◆ **Brief**: In the records below, find the line that contains "unfolding no_odd_zero_runs_def zero_block_def" and the line that contains "x = 0 \<and> (\<forall>t.". Set down exactly those lines and every line between them, and nothing more.
▬▬▬▬▬▬▬▬▬▬
(* Let $f_0(n)=1$ for odd $n$ and $f_0(n)=0$ for even $n$. Then for every $m\ge1$ and $1\le k\le n$, $c_m(n,k)$ equals the number of words of length $n-1$ over the alphabet $\{0,1,\ldots,m\}$ with exactly $k-1$ letters equal to $m$ that avoid runs of zeros of odd length (every maximal block of consecutive zeros has even length).
   Context: For $m\ge 1$, $f_m$ is the invert transform of $f_{m-1}$, i.e. $f_m(n)=f_{m-1}(n)+\sum_{i=1}^{n-1}f_{m-1}(i)f_m(n-i)$ for $n\ge1$. For $m\ge1$ the numbers $c_m(n,k)$, $0\le k\le n$, are defined by $c_m(0,0)=1$, $c_m(n,0)=0$ for $n\ge1$, and $c_m(n,k)=\sum_{i=1}^{n-k+1}f_{m-1}(i)\,c_m(n-i,k-1)$ for $1\le k\le n$. Words may be empty. *)

theory Defs
  imports Main
begin

function invert :: "(nat \<Rightarrow> nat) \<Rightarrow> nat \<Rightarrow> nat" where
  "invert g n = (if n = 0 then 0 else g n + (\<Sum>i = 1..n-1. g i * invert g (n - i)))"
  by pat_completeness auto
termination by (relation "measure (\<lambda>(g, n). n)") auto

fun fseq :: "nat \<Rightarrow> nat \<Rightarrow> nat" where
  "fseq 0 n = (if odd n then 1 else 0)"
| "fseq (Suc m) n = invert (fseq m) n"

fun cgen :: "(nat \<Rightarrow> nat) \<Rightarrow> nat \<Rightarrow> nat \<Rightarrow> nat" where
  "cgen g n 0 = (if n = 0 then 1 else 0)"
| "cgen g n (Suc k) = (\<Sum>i = 1..n - k. g i * cgen g (n - i) k)"

definition cm :: "nat \<Rightarrow> nat \<Rightarrow> nat \<Rightarrow> nat" where
  "cm m n k = cgen (fseq (m - 1)) n k"

definition no_odd_zero_runs :: "nat list \<Rightarrow> bool" where
  "no_odd_zero_runs w \<longleftrightarrow>
     (\<forall>i j. i \<le> j \<and> j < length w \<and> (\<forall>t. i \<le> t \<and> t \<le> j \<longrightarrow> w ! t = 0)
        \<and> (i = 0 \<or> w ! (i - 1) \<noteq> 0) \<and> (Suc j = length w \<or> w ! Suc j \<noteq> 0)
        \<longrightarrow> even (j - i + 1))"

end

theory Submission
  imports Defs
begin

(*
  A word avoids odd runs of zeros iff its zeros can be paired off from left to right
  (zeros_paired). Pairing is insensitive to cutting a word at a nonzero letter c:
  u @ c # v is paired iff u and v are. Splitting a paired word over {0..m+1} at the first
  occurrence of its top letter m+1 therefore gives, for the number W(m, L) of paired words of
  length L over {0..m}, the recursion W(m+1, L) = W(m, L) + \<Sum>p<L. W(m, p) W(m+1, L-1-p),
  which is the invert transform of f_m shifted by one; so W(m, L) = f_m(L+1). Splitting at
  the first occurrence of the letter m+1 while tracking how often it occurs yields, in the
  same way, the convolution recursion defining c_(m+1)(L+1, k+1).
*)

definition zero_block :: "nat list \<Rightarrow> nat \<Rightarrow> nat \<Rightarrow> bool" where
  "zero_block w i j \<longleftrightarrow> i \<le> j \<and> j < length w \<and> (\<forall>t. i \<le> t \<and> t \<le> j \<longrightarrow> w ! t = 0)
     \<and> (i = 0 \<or> w ! (i - 1) \<noteq> 0) \<and> (Suc j = length w \<or> w ! Suc j \<noteq> 0)"

lemma no_odd_zero_runs_iff_zero_blocks:
  "no_odd_zero_runs w \<longleftrightarrow> (\<forall>i j. zero_block w i j \<longrightarrow> even (j - i + 1))"
  unfolding no_odd_zero_runs_def zero_block_def by blast

lemma zero_block_Cons_Suc:
  "zero_block (x # w) (Suc i) (Suc j) \<longleftrightarrow> zero_block w i j \<and> (i = 0 \<longrightarrow> x \<noteq> 0)"
proof -
  have "(\<forall>t. Suc i \<le> t \<and> t \<le> Suc j \<longrightarrow> (x # w) ! t = 0) \<longleftrightarrow>
      (\<forall>t. i \<le> t \<and> t \<le> j \<longrightarrow> w ! t = 0)"
    by (metis Suc_le_D Suc_le_mono nth_Cons_Suc)
  then show ?thesis
    unfolding zero_block_def by (cases i) auto
qed

lemma zero_block_Cons_0:
  "zero_block (x # w) 0 j \<longleftrightarrow>
     x = 0 \<and> (case j of 0 \<Rightarrow> w = [] \<or> w ! 0 \<noteq> 0 | Suc j' \<Rightarrow> zero_block w 0 j')"
proof -
  have "(\<forall>t. t \<le> Suc j' \<longrightarrow> (x # w) ! t = 0) \<longleftrightarrow>
      x = 0 \<and> (\<forall>t. t \<le> j' \<longrightarrow> w ! t = 0)" for j'
    by (metis Suc_le_mono le0 nth_Cons_0 nth_Cons_Suc not0_implies_Suc)
  then show ?thesis
    unfolding zero_block_def by (cases j) (auto simp: neq_Nil_conv)
qed

lemma zero_block_le: "zero_block w i j \<Longrightarrow> i \<le> j"
  by (simp add: zero_block_def)

lemma zero_blocks_Cons_split:
  "(\<forall>i j. zero_block (x # w) i j \<longrightarrow> even (j - i + 1)) \<longleftrightarrow>
     (\<forall>j. zero_block (x # w) 0 j \<longrightarrow> odd j) \<and>
     (\<forall>i j. zero_block (x # w) (Suc i) (Suc j) \<longrightarrow> even (j - i + 1))"
  (is "?all \<longleftrightarrow> ?first \<and> ?rest")
proof
  assume all: ?all
  show "?first \<and> ?rest"
  proof (intro conjI allI impI)
    fix j assume "zero_block (x # w) 0 j"
    from all[rule_format, OF this] show "odd j" by simp
  next
    fix i j assume "zero_block (x # w) (Suc i) (Suc j)"
    from all[rule_format, OF this] show "even (j - i + 1)" by simp
  qed
next
  assume H: "?first \<and> ?rest"
  show ?all
  proof (intro allI impI)
    fix i j assume block: "zero_block (x # w) i j"
    show "even (j - i + 1)"
    proof (cases i)
      case 0
      then show ?thesis using H block by simp
    next
      case (Suc i')
      then obtain j' where "j = Suc j'"
        using zero_block_le[OF block] by (cases j) auto
      then show ?thesis using H block Suc by simp
    qed
  qed
qed

lemma no_odd_zero_runs_Cons_iff:
  "no_odd_zero_runs (x # w) \<longleftrightarrow>
     (\<forall>j. zero_block (x # w) 0 j \<longrightarrow> odd j) \<and>
     (\<forall>i j. zero_block w i j \<and> (i = 0 \<longrightarrow> x \<noteq> 0) \<longrightarrow> even (j - i + 1))"
  unfolding no_odd_zero_runs_iff_zero_blocks zero_blocks_Cons_split zero_block_Cons_Suc
  by simp

lemma no_odd_zero_runs_nonzero_Cons:
  assumes "x \<noteq> 0"
  shows "no_odd_zero_runs (x # w) \<longleftrightarrow> no_odd_zero_runs w"
  using assms unfolding no_odd_zero_runs_Cons_iff no_odd_zero_runs_iff_zero_blocks[of w]
  by (simp add: zero_block_Cons_0)

lemma not_no_odd_zero_runs_single_zero:
  assumes "w = [] \<or> w ! 0 \<noteq> 0"
  shows "\<not> no_odd_zero_runs (0 # w)"
proof -
  have "zero_block (0 # w) 0 0"
    using assms by (simp add: zero_block_Cons_0)
  then show ?thesis
    unfolding no_odd_zero_runs_Cons_iff by fastforce
qed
▬▬▬▬▬▬▬▬▬▬
◆ **Solution below**:
  unfolding no_odd_zero_runs_def zero_block_def by blast

lemma zero_block_Cons_Suc:
  "zero_block (x # w) (Suc i) (Suc j) \<longleftrightarrow> zero_block w i j \<and> (i = 0 \<longrightarrow> x \<noteq> 0)"
proof -
  have "(\<forall>t. Suc i \<le> t \<and> t \<le> Suc j \<longrightarrow> (x # w) ! t = 0) \<longleftrightarrow>
      (\<forall>t. i \<le> t \<and> t \<le> j \<longrightarrow> w ! t = 0)"
    by (metis Suc_le_D Suc_le_mono nth_Cons_Suc)
  then show ?thesis
    unfolding zero_block_def by (cases i) auto
qed

lemma zero_block_Cons_0:
  "zero_block (x # w) 0 j \<longleftrightarrow>
     x = 0 \<and> (case j of 0 \<Rightarrow> w = [] \<or> w ! 0 \<noteq> 0 | Suc j' \<Rightarrow> zero_block w 0 j')"
proof -
  have "(\<forall>t. t \<le> Suc j' \<longrightarrow> (x # w) ! t = 0) \<longleftrightarrow>
      x = 0 \<and> (\<forall>t. t \<le> j' \<longrightarrow> w ! t = 0)" for j'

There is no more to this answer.